Example If a process P1 uses table T, it cannot run until table T's data is up-to-date. If the data in T is prepared by another process, P2, then P1 cannot start until P2 has finished.

Sprockit refers to T as an output resource of P2, and as an input resource of P1. This information is enough for Sprockit to infer that P2 has to run before P1.

Resource dependencies are easier to maintain than process dependencies, because you don't need global dependency information – all you need is the list of resources that make up each individual process's inputs and outputs. They also allow index maintenance to be handled automatically by Sprockit.

Processes are executed by a process handler. A handler runs in a loop, in each iteration selecting a process ready for execution, starting it, then waiting for it to finish. If a handler finds nothing ready for execution at the end of an iteration, it quits.

Process handlers are created by the process manager. The process manager polls the list of ready processes at regular intervals, and whenever it finds ready processes waiting it creates a new handler. So:

  • a new handler is started when the process manager finds processes ready;
  • a handler stops when it looks for a new process to execute and finds nothing ready.

The combined effect of these two features is to cause the number of running handlers to rise and fall automatically in response to demand (up to a configured maximum).

When multiple processes are ready, a handler will select the one with the largest amount of work behind it (i.e. the work to complete not only the ready process but also any downstream processes that depend on the ready process, either directly or indirectly).

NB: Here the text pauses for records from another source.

(* Let $\mathcal{I}$ be a meager ideal on $\mathbf{N}$. Then the set $$\{x \in (0,1] : \Gamma_b^k(x,\mathcal{I}) = \Delta_b^k \text{ for all integers } b\ge 2,\ k\ge 1\}$$ is comeager in $(0,1]$.
   Context: For an integer $b\ge 2$ and $x\in(0,1]$, write $x=\sum_{n\ge 1} d_{b,n}(x)/b^n$ for the unique nonterminating $b$-adic expansion, with digits $d_{b,n}(x)\in\{0,\dots,b-1\}$. Let $S_b^k$ be the set of all strings $\bm{s}=s_1\cdots s_k$ of length $k$ with $s_j\in\{0,\dots,b-1\}$. For $\bm{s}\in S_b^k$ and $n\ge1$ put $\pi_{b,\bm{s},n}(x)=\frac{1}{n}\#\{i\in\{1,\dots,n\}: d_{b,i+j-1}(x)=s_j \text{ for all } j=1,\dots,k\}$, and let $\bm{\pi}^k_{b,n}(x)=(\pi_{b,\bm{s},n}(x):\bm{s}\in S_b^k)\in\mathbf{R}^{b^k}$. Let $\Delta_b^k=\{(p_{\bm{s}})_{\bm{s}\in S_b^k}\in\mathbf{R}^{b^k}: \sum_{\bm{s}}p_{\bm{s}}=1,\ p_{\bm{s}}\ge0 \text{ for all } \bm{s},\ \text{and } \sum_{s_0}p_{s_0\bm{s}}=\sum_{s_k}p_{\bm{s}s_k} \text{ for all } \bm{s}\in S_b^{k-1}\}$, where $s_0\bm{s}$, $\bm{s}s_k$ denote concatenated strings and $s_0,s_k$ range over $\{0,\dots,b-1\}$. An ideal on $\mathbf{N}$ is a family $\mathcal{I}\subseteq\mathcal{P}(\mathbf{N})$ closed under finite unions and subsets, containing all finite sets, and different from $\mathcal{P}(\mathbf{N})$. $\mathcal{P}(\mathbf{N})$ carries the Cantor-space topology (identifying subsets with $\{0,1\}^{\mathbf{N}}$); $\mathcal{I}$ is meager if it is a meager subset of this space. For a sequence $(x_n)$ in $\mathbf{R}^d$, a point $\eta$ is an $\mathcal{I}$-cluster point if $\{n\in\mathbf{N}: x_n\in U\}\notin\mathcal{I}$ for every open neighborhood $U$ of $\eta$. $\Gamma_b^k(x,\mathcal{I})$ denotes the set of $\mathcal{I}$-cluster points of the sequence $(\bm{\pi}^k_{b,n}(x):n\ge1)$. *)

theory Defs
  imports "HOL-Analysis.Analysis"
begin

definition nowhere_dense_in :: "'a topology \<Rightarrow> 'a set \<Rightarrow> bool" where
  "nowhere_dense_in X A \<longleftrightarrow> A \<subseteq> topspace X \<and> X interior_of (X closure_of A) = {}"

definition meager_in :: "'a topology \<Rightarrow> 'a set \<Rightarrow> bool" where
  "meager_in X A \<longleftrightarrow> (\<exists>F. countable F \<and> (\<forall>N\<in>F. nowhere_dense_in X N) \<and> A \<subseteq> \<Union>F)"

definition comeager_in :: "'a topology \<Rightarrow> 'a set \<Rightarrow> bool" where
  "comeager_in X A \<longleftrightarrow> meager_in X (topspace X - A)"

definition is_ideal :: "nat set set \<Rightarrow> bool" where
  "is_ideal I \<longleftrightarrow> (\<forall>A\<in>I. \<forall>B\<in>I. A \<union> B \<in> I) \<and> (\<forall>A\<in>I. \<forall>B. B \<subseteq> A \<longrightarrow> B \<in> I)
     \<and> (\<forall>A. finite A \<longrightarrow> A \<in> I) \<and> I \<noteq> UNIV"

(* P(N) identified with the Cantor space {0,1}^N = nat => bool (product of discrete bool) *)
definition meager_ideal :: "nat set set \<Rightarrow> bool" where
  "meager_ideal I \<longleftrightarrow> meager_in (euclidean :: (nat \<Rightarrow> bool) topology) ((\<lambda>A n. n \<in> A) ` I)"

(* nonterminating b-adic digits; digit b x n is d_{b,n}(x) for n >= 1 *)
definition digits :: "nat \<Rightarrow> real \<Rightarrow> nat \<Rightarrow> nat" where
  "digits b x = (THE d. (\<forall>n. d n < b) \<and> d 0 = 0
       \<and> x = (\<Sum>n. real (d (Suc n)) / real b ^ Suc n)
       \<and> (\<forall>m. \<exists>n>m. d n \<noteq> 0))"

(* S_b^k, strings represented as lists; s!j is s_{j+1} *)
definition strings :: "nat \<Rightarrow> nat \<Rightarrow> nat list set" where
  "strings b k = {s. length s = k \<and> set s \<subseteq> {..<b}}"

definition freq :: "nat \<Rightarrow> nat list \<Rightarrow> nat \<Rightarrow> real \<Rightarrow> real" where
  "freq b s n x = real (card {i \<in> {1..n}. \<forall>j<length s. digits b x (i + j) = s ! j}) / real n"

(* the vector pi^k_{b,n}(x) in R^{S_b^k}, extended by 0 outside S_b^k *)
definition freq_vec :: "nat \<Rightarrow> nat \<Rightarrow> nat \<Rightarrow> real \<Rightarrow> (nat list \<Rightarrow> real)" where
  "freq_vec b k n x = (\<lambda>s. if s \<in> strings b k then freq b s n x else 0)"

definition Delta :: "nat \<Rightarrow> nat \<Rightarrow> (nat list \<Rightarrow> real) set" where
  "Delta b k = {p. (\<forall>s. s \<notin> strings b k \<longrightarrow> p s = 0)
      \<and> (\<Sum>s\<in>strings b k. p s) = 1
      \<and> (\<forall>s\<in>strings b k. p s \<ge> 0)
      \<and> (\<forall>s\<in>strings b (k - 1). (\<Sum>a<b. p (a # s)) = (\<Sum>a<b. p (s @ [a])))}"

(* I-cluster points of (freq_vec b k n x)_{n>=1}; topology on nat list => real is the
   product topology, which on the functions vanishing off the finite set S_b^k is that of R^(b^k) *)
definition Gamma :: "nat \<Rightarrow> nat \<Rightarrow> real \<Rightarrow> nat set set \<Rightarrow> (nat list \<Rightarrow> real) set" where
  "Gamma b k x I = {\<eta>. \<forall>U. open U \<and> \<eta> \<in> U \<longrightarrow> {n. n \<ge> 1 \<and> freq_vec b k n x \<in> U} \<notin> I}"

end

theory Submission
  imports Defs
begin

(* Frequency vectors sum to 1 and their balance defect is at most 1/n, so every
   I-cluster point lies in Delta_b^k.  Conversely, a point eta of Delta_b^k is a nonnegative
   circulation on the de Bruijn graph, hence a nonnegative combination of cycles, and is therefore
   approximated by the cyclic k-block frequencies of a single periodic word z.
   Since I is meager, there are finite sets F_j of integers > j such that every A in I contains
   only finitely many of them.  If eta is not an I-cluster point of x, the set of n at which the
   frequency vector of x is close to that of z belongs to I, so from some m on it contains no F_j.
   For fixed z, precision and m this set of x is nowhere dense: any interval contains a b-adic
   interval whose points start with a fixed prefix followed by so many copies of z that the
   frequency vector is close to that of z at every n of some F_j.  Countably many such nowhere
   dense sets cover the complement of the set in the theorem. *)

section \<open>Baire category\<close>

lemma nowhere_dense_inD:
  assumes "nowhere_dense_in X A" "openin X V" "V \<noteq> {}"
  obtains W where "openin X W" "W \<noteq> {}" "W \<subseteq> V" "W \<inter> A = {}"
proof
  have "A \<subseteq> X closure_of A"
    using assms(1) by (simp add: nowhere_dense_in_def closure_of_subset)
  then show "(V - X closure_of A) \<inter> A = {}"
    by blast
  show "V - X closure_of A \<noteq> {}"
  proof
    assume "V - X closure_of A = {}"
    then have "V \<subseteq> X interior_of (X closure_of A)"
      using assms(2) by (intro interior_of_maximal) auto
    with assms(1,3) show False
      by (simp add: nowhere_dense_in_def)
  qed
qed (use assms(2) in auto)

lemma nowhere_dense_inI:
  assumes "A \<subseteq> topspace X"
    and "\<And>V. openin X V \<Longrightarrow> V \<noteq> {} \<Longrightarrow> \<exists>W. openin X W \<and> W \<noteq> {} \<and> W \<subseteq> V \<and> W \<inter> A = {}"
  shows "nowhere_dense_in X A"
proof -
  have "X interior_of (X closure_of A) = {}"
  proof (rule ccontr)
    assume "X interior_of (X closure_of A) \<noteq> {}"
    then obtain W where W: "openin X W" "W \<noteq> {}" "W \<inter> A = {}"
        and "W \<subseteq> X closure_of A"
      using assms(2) interior_of_subset by (meson openin_interior_of subset_trans)
    then obtain y where "y \<in> W" "y \<in> X closure_of A"
      by blast
    with W show False
      by (auto simp: in_closure_of)
  qed
  with assms(1) show ?thesis
    by (simp add: nowhere_dense_in_def)
qed

lemma nowhere_dense_imp_meager_in: "nowhere_dense_in X A \<Longrightarrow> meager_in X A"
  unfolding meager_in_def by (intro exI[of _ "{A}"]) auto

Over successive runs this has the effect of load balancing a processing workload between multiple handlers, causing end-to-end processing time to fall.

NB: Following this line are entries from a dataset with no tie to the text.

lemma homeomorphic_map_action:
  "t \<in> carrier G \<Longrightarrow> homeomorphic_map (subtopology X (Xs (inv t))) (subtopology X (Xs t)) (h t)"
  using is_partial_action by (simp add: topological_partial_action_def)

lemma domain_one: "Xs \<one> = topspace X"
  and action_one: "x \<in> topspace X \<Longrightarrow> h \<one> x = x"
  using is_partial_action by (simp_all add: topological_partial_action_def)

lemma action_image_Int:
  "s \<in> carrier G \<Longrightarrow> t \<in> carrier G \<Longrightarrow> h t ` (Xs (inv t) \<inter> Xs s) = Xs t \<inter> Xs (t \<otimes> s)"
  using is_partial_action by (simp add: topological_partial_action_def)

lemma action_action:
  "s \<in> carrier G \<Longrightarrow> t \<in> carrier G \<Longrightarrow> x \<in> Xs (inv s) \<Longrightarrow> x \<in> Xs (inv s \<otimes> inv t) \<Longrightarrow>
    h t (h s x) = h (t \<otimes> s) x"
  using is_partial_action by (simp add: topological_partial_action_def)

lemma action_image: "t \<in> carrier G \<Longrightarrow> h t ` Xs (inv t) = Xs t"
  using homeomorphic_imp_surjective_map[OF homeomorphic_map_action] domain_subset
  by (simp add: Int_absorb1)

lemma action_in_domain: "t \<in> carrier G \<Longrightarrow> x \<in> Xs (inv t) \<Longrightarrow> h t x \<in> Xs t"
  using action_image by blast

lemma action_inverse:
  assumes t: "t \<in> carrier G" and x: "x \<in> Xs (inv t)"
  shows "h (inv t) (h t x) = x"
proof -
  have "x \<in> topspace X"
    using domain_subset x t by blast
  then have "x \<in> Xs (inv t \<otimes> inv (inv t))"
    using t domain_one by simp
  then have "h (inv t) (h t x) = h (inv t \<otimes> t) x"
    using action_action[of t "inv t" x] t x by simp
  also have "\<dots> = x"
    using t \<open>x \<in> topspace X\<close> action_one by simp
  finally show ?thesis .
qed

lemma action_compose:
  assumes s: "s \<in> carrier G" and t: "t \<in> carrier G"
    and x: "x \<in> Xs (inv t)" and y: "h t x \<in> Xs (inv s)"
  shows "x \<in> Xs (inv (s \<otimes> t))" and "h s (h t x) = h (s \<otimes> t) x"
proof -
  have "h t x \<in> Xs (inv (inv t)) \<inter> Xs (inv s)"
    using action_in_domain[OF t x] y t by simp
  then have "h (inv t) (h t x) \<in> Xs (inv t) \<inter> Xs (inv t \<otimes> inv s)"
    using action_image_Int[of "inv s" "inv t"] s t by blast
  then have x': "x \<in> Xs (inv t \<otimes> inv s)"
    using action_inverse[OF t x] by simp
  then show "x \<in> Xs (inv (s \<otimes> t))"
    using s t by (simp add: inv_mult_group)
  show "h s (h t x) = h (s \<otimes> t) x"
    using action_action[OF t s x x'] .
qed

abbreviation R where "R \<equiv> orbit_rel G Xs h"
abbreviation TR where "TR \<equiv> orbit_rel_topology G X Xs h"

lemma orbit_rel_equiv: "equiv (topspace X) R"
proof (rule equivI)
  show "R \<subseteq> topspace X \<times> topspace X"
    unfolding orbit_rel_def using domain_subset action_in_domain by blast
  show "refl_on (topspace X) R"
  proof
    fix x assume "x \<in> topspace X"
    then have "(x, h \<one> x) \<in> R"
      unfolding orbit_rel_def using domain_one by force
    then show "(x, x) \<in> R"
      using action_one \<open>x \<in> topspace X\<close> by simp
  qed
  show "sym R"
  proof
    fix x y assume "(x, y) \<in> R"
    then obtain t where t: "t \<in> carrier G" "x \<in> Xs (inv t)" "y = h t x"
      unfolding orbit_rel_def by blast
    then have "y \<in> Xs (inv (inv t))" and "x = h (inv t) y"
      using action_in_domain action_inverse by simp_all
    then show "(y, x) \<in> R"
      unfolding orbit_rel_def using t(1) inv_closed by blast
  qed
  show "trans R"
  proof
    fix x y z assume "(x, y) \<in> R" "(y, z) \<in> R"
    then obtain s t where t: "t \<in> carrier G" "x \<in> Xs (inv t)" "y = h t x"
      and s: "s \<in> carrier G" "y \<in> Xs (inv s)" "z = h s y"
      unfolding orbit_rel_def by blast
    then show "(x, z) \<in> R"
      unfolding orbit_rel_def using action_compose[OF s(1) t(1,2)] m_closed by blast
  qed
qed
lemma corner_measure_add:
  assumes h: "admissible h" and i: "i \<in> Basis" and x: "0 < x" and y: "0 < y" and xy: "x + y = h \<bullet> i"
  shows "corner_measure h = corner_measure (set_coord h i x) + corner_measure (set_coord h i y)"
proof -
  have hpos: "\<forall>j\<in>Basis. 0 < h \<bullet> j" and hside: "\<forall>j\<in>Basis. h \<bullet> j \<le> side \<bullet> j"
    using h by (auto simp: admissible_def)
  have "measure \<nu> (box l (l + h)) = measure \<nu> (box l (set_coord (l + h) i (l \<bullet> i + x)))
      + measure \<nu> (box (set_coord l i (l \<bullet> i + x)) (l + h))"
    using i x y xy by (intro measure_box_split finite sets_eq null_hyperplane) (auto simp: inner_simps)
  moreover have "set_coord (l + h) i (l \<bullet> i + x) = l + set_coord h i x"
    by (rule euclidean_eqI) (simp add: i inner_set_coord inner_simps)
  moreover have "set_coord l i (l \<bullet> i + x) = l + x *\<^sub>R i"
    by (rule euclidean_eqI) (auto simp: i inner_set_coord inner_simps inner_Basis)
  moreover have "measure \<nu> (box (l + x *\<^sub>R i) (l + h)) = corner_measure (set_coord h i y)"
  proof -
    have ab: "\<forall>j\<in>Basis. (l + x *\<^sub>R i) \<bullet> j < (l + h) \<bullet> j"
      using hpos x y xy i by (auto simp: inner_simps inner_Basis)
    have "\<forall>j\<in>Basis. l \<bullet> j \<le> (l + x *\<^sub>R i) \<bullet> j \<and> (l + h) \<bullet> j \<le> r \<bullet> j"
      using hside x i by (auto simp: inner_simps inner_Basis side_def)
    then have sub: "box (l + x *\<^sub>R i) (l + h) \<subseteq> box l r"
      using box_subset_box_iff[OF ab] by blast
    have "y - h \<bullet> i = - x"
      using xy by simp
    then have "(l + h) - (l + x *\<^sub>R i) = set_coord h i y"
      by (simp add: set_coord_def)
    then show ?thesis
      using measure_box_eq_corner_measure[OF ab sub] by simp
  qed
  ultimately show ?thesis
    by (simp add: corner_measure_def)
qed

When a process fails, its handler catches the underlying error and logs it. The process is marked as errored, and any processes dependent on it become blocked – but the handler is now free to look for its next ready process.

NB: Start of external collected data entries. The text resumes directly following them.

(* In a finite dynamic game as described in the context, if $K^i$ is unilaterally sufficient information for player $i$, then for every behavioral strategy profile $g^{-i}$ of the players other than $i$, $K^i$ is an information state under $g^{-i}$ for the payoffs of all players $\mathcal{I}$: there exist functions $P_t^{i,g^{-i}}:\mathcal{K}_t^i\times\mathcal{U}_t^i\to\Delta(\mathcal{K}_{t+1}^i)$ and $r_t^{j,g^{-i}}:\mathcal{K}_t^i\times\mathcal{U}_t^i\to[-1,1]$ ($j\in\mathcal{I}$), not depending on $g^i$, such that $\Pr^{g^i,g^{-i}}(k_{t+1}^i\mid h_t^i,u_t^i)=P_t^{i,g^{-i}}(k_{t+1}^i\mid k_t^i,u_t^i)$ for all $t<T$ and $\mathbb{E}^{g^i,g^{-i}}[R_t^j\mid h_t^i,u_t^i]=r_t^{j,g^{-i}}(k_t^i,u_t^i)$ for all $j\in\mathcal{I}$ and all $t$, for all behavioral strategies $g^i$ and all $(h_t^i,u_t^i)$ admissible under $(g^i,g^{-i})$.
   Context: Game model: finite set of players $\mathcal{I}$, times $\mathcal{T}=\{1,\dots,T\}$. At time $t$ each player $i$ takes action $U_t^i\in\mathcal{U}_t^i$, obtains reward $R_t^i\in[-1,1]$ and learns new information $Z_t^i\in\mathcal{Z}_t^i$. There is a state $X_t\in\mathcal{X}_t$ with $(X_{t+1},Z_t,R_t)=f_t(X_t,U_t,W_t)$ for fixed functions $f_t$. Primitive random variables $(X_1,H_1)$ and $W_1,\dots,W_T$ are mutually independent with commonly known distributions. All sets are finite. Perfect recall: $H_t^i=(H_1^i,Z_{1:t-1}^i)\in\mathcal{H}_t^i$, and $U_t^i$ is a component of $Z_t^i$. Behavioral strategy $g_t^i:\mathcal{H}_t^i\to\Delta(\mathcal{U}_t^i)$. A realization is admissible under a (partial) profile if it has positive probability under some completion of it. Compression: $K_1^i=\iota_1^i(H_1^i)$, $K_t^i=\iota_t^i(K_{t-1}^i,Z_{t-1}^i)$ for fixed maps, finite value sets $\mathcal{K}_t^i$; $k_t^i$ is the compression of $h_t^i$. Unilaterally sufficient information (USI): $K^i$ is USI for player $i$ if there exist $F_t^{i,g^i}:\mathcal{K}_t^i\to\Delta(\mathcal{H}_t^i)$ depending only on $g^i$ and $\Phi_t^{i,g^{-i}}:\mathcal{K}_t^i\to\Delta(\mathcal{X}_t\times\mathcal{H}_t^{-i})$ depending only on $g^{-i}$ with $\Pr^g(x_t,h_t\mid k_t^i)=F_t^{i,g^i}(h_t^i\mid k_t^i)\Phi_t^{i,g^{-i}}(x_t,h_t^{-i}\mid k_t^i)$ for all behavioral profiles $g$, all $t$, all $k_t^i$ admissible under $g$ (with $x_t,h_t^i,h_t^{-i}$ ranging independently; the left side is $0$ if they disagree on shared components). *)

theory Defs
  imports "HOL-Probability.Probability"
begin

text \<open>Finite dynamic game. Times are 1..horizon. Each player i has private initial
information H_1^i of type 'h; the history of player i at time t is
(H_1^i, [Z_1^i, ..., Z_{t-1}^i]).\<close>

record ('p, 'x, 'h, 'w, 'u, 'z) game =
  horizon :: nat
  init    :: "('x \<times> ('p \<Rightarrow> 'h)) pmf"
  noise   :: "nat \<Rightarrow> 'w pmf"
  dyn     :: "nat \<Rightarrow> 'x \<Rightarrow> ('p \<Rightarrow> 'u) \<Rightarrow> 'w \<Rightarrow> 'x \<times> ('p \<Rightarrow> 'z) \<times> ('p \<Rightarrow> real)"
                                                  \<comment> \<open>(X_{t+1}, Z_t, R_t) = f_t(X_t,U_t,W_t)\<close>
  acts    :: "'p \<Rightarrow> nat \<Rightarrow> 'u set"
  act_of  :: "'p \<Rightarrow> nat \<Rightarrow> 'z \<Rightarrow> 'u"           \<comment> \<open>the U_t^i component of Z_t^i\<close>

type_synonym ('h, 'z) hist = "'h \<times> 'z list"

type_synonym ('p, 'h, 'z, 'u) profile = "'p \<Rightarrow> nat \<Rightarrow> ('h, 'z) hist \<Rightarrow> 'u pmf"

definition valid_strat ::
  "('p, 'x, 'h, 'w, 'u, 'z) game \<Rightarrow> 'p \<Rightarrow> (nat \<Rightarrow> ('h, 'z) hist \<Rightarrow> 'u pmf) \<Rightarrow> bool" where
  "valid_strat G i gi \<longleftrightarrow> (\<forall>t\<in>{1..horizon G}. \<forall>h. set_pmf (gi t h) \<subseteq> acts G i t)"

definition init_state :: "('p, 'x, 'h, 'w, 'u, 'z) game \<Rightarrow> ('x \<times> ('p \<Rightarrow> ('h, 'z) hist)) pmf" where
  "init_state G = map_pmf (\<lambda>(x, h1). (x, \<lambda>i. (h1 i, []))) (init G)"

definition joint_actions ::
  "('p, 'h, 'z, 'u) profile \<Rightarrow> nat \<Rightarrow> ('p \<Rightarrow> ('h, 'z) hist) \<Rightarrow> ('p \<Rightarrow> 'u) pmf" where
  "joint_actions g t H = Pi_pmf UNIV undefined (\<lambda>i. g i t (H i))"

definition stage_of ::
  "('p, 'x, 'h, 'w, 'u, 'z) game \<Rightarrow> ('p, 'h, 'z, 'u) profile \<Rightarrow> nat \<Rightarrow>
   ('x \<times> ('p \<Rightarrow> ('h, 'z) hist)) pmf \<Rightarrow>
   (('x \<times> ('p \<Rightarrow> ('h, 'z) hist)) \<times> ('p \<Rightarrow> 'u) \<times> 'w) pmf" where
  "stage_of G g t D =
     bind_pmf D (\<lambda>s. bind_pmf (joint_actions g t (snd s))
       (\<lambda>u. bind_pmf (noise G t) (\<lambda>w. return_pmf (s, u, w))))"

definition next_state ::
  "('p, 'x, 'h, 'w, 'u, 'z) game \<Rightarrow> nat \<Rightarrow>
   (('x \<times> ('p \<Rightarrow> ('h, 'z) hist)) \<times> ('p \<Rightarrow> 'u) \<times> 'w) \<Rightarrow> 'x \<times> ('p \<Rightarrow> ('h, 'z) hist)" where
  "next_state G t \<omega> = (case \<omega> of ((x, H), u, w) \<Rightarrow>
     (case dyn G t x u w of (x', z, r) \<Rightarrow> (x', \<lambda>i. (fst (H i), snd (H i) @ [z i]))))"

text \<open>Law of (X_t, H_t) under profile g (meaningful for t \<ge> 1).\<close>
primrec state_dist ::
  "('p, 'x, 'h, 'w, 'u, 'z) game \<Rightarrow> ('p, 'h, 'z, 'u) profile \<Rightarrow> nat \<Rightarrow>
   ('x \<times> ('p \<Rightarrow> ('h, 'z) hist)) pmf" where
  "state_dist G g 0 = init_state G"
| "state_dist G g (Suc n) =
     (if n = 0 then init_state G else map_pmf (next_state G n) (stage_of G g n (state_dist G g n)))"

definition stage_dist ::
  "('p, 'x, 'h, 'w, 'u, 'z) game \<Rightarrow> ('p, 'h, 'z, 'u) profile \<Rightarrow> nat \<Rightarrow>
   (('x \<times> ('p \<Rightarrow> ('h, 'z) hist)) \<times> ('p \<Rightarrow> 'u) \<times> 'w) pmf" where
  "stage_dist G g t = stage_of G g t (state_dist G g t)"

definition Zt :: "('p, 'x, 'h, 'w, 'u, 'z) game \<Rightarrow> nat \<Rightarrow>
   (('x \<times> ('p \<Rightarrow> ('h, 'z) hist)) \<times> ('p \<Rightarrow> 'u) \<times> 'w) \<Rightarrow> 'p \<Rightarrow> 'z" where
  "Zt G t \<omega> = (case \<omega> of ((x, H), u, w) \<Rightarrow> fst (snd (dyn G t x u w)))"

definition Rt :: "('p, 'x, 'h, 'w, 'u, 'z) game \<Rightarrow> nat \<Rightarrow>
   (('x \<times> ('p \<Rightarrow> ('h, 'z) hist)) \<times> ('p \<Rightarrow> 'u) \<times> 'w) \<Rightarrow> 'p \<Rightarrow> real" where
  "Rt G t \<omega> = (case \<omega> of ((x, H), u, w) \<Rightarrow> snd (snd (dyn G t x u w)))"

text \<open>Compression: K_1 = iota_1(H_1), K_t = iota_t(K_{t-1}, Z_{t-1}).\<close>
fun kfold :: "('p \<Rightarrow> nat \<Rightarrow> 'k \<Rightarrow> 'z \<Rightarrow> 'k) \<Rightarrow> 'p \<Rightarrow> nat \<Rightarrow> 'k \<Rightarrow> 'z list \<Rightarrow> 'k" where
  "kfold io i t k [] = k"
| "kfold io i t k (z # zs) = kfold io i (Suc t) (io i t k z) zs"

Some errors – for example transaction deadlocks – are recoverable. When a handler catches a recoverable error, the failed process is marked back to ready, re-joining the queue of processes for execution.

Unrecoverable errors eventually cause batch processing to fail to complete. After a batch failure – and after the underlying problem is resolved – processing can be resumed, picking up automatically from the point of the failed process.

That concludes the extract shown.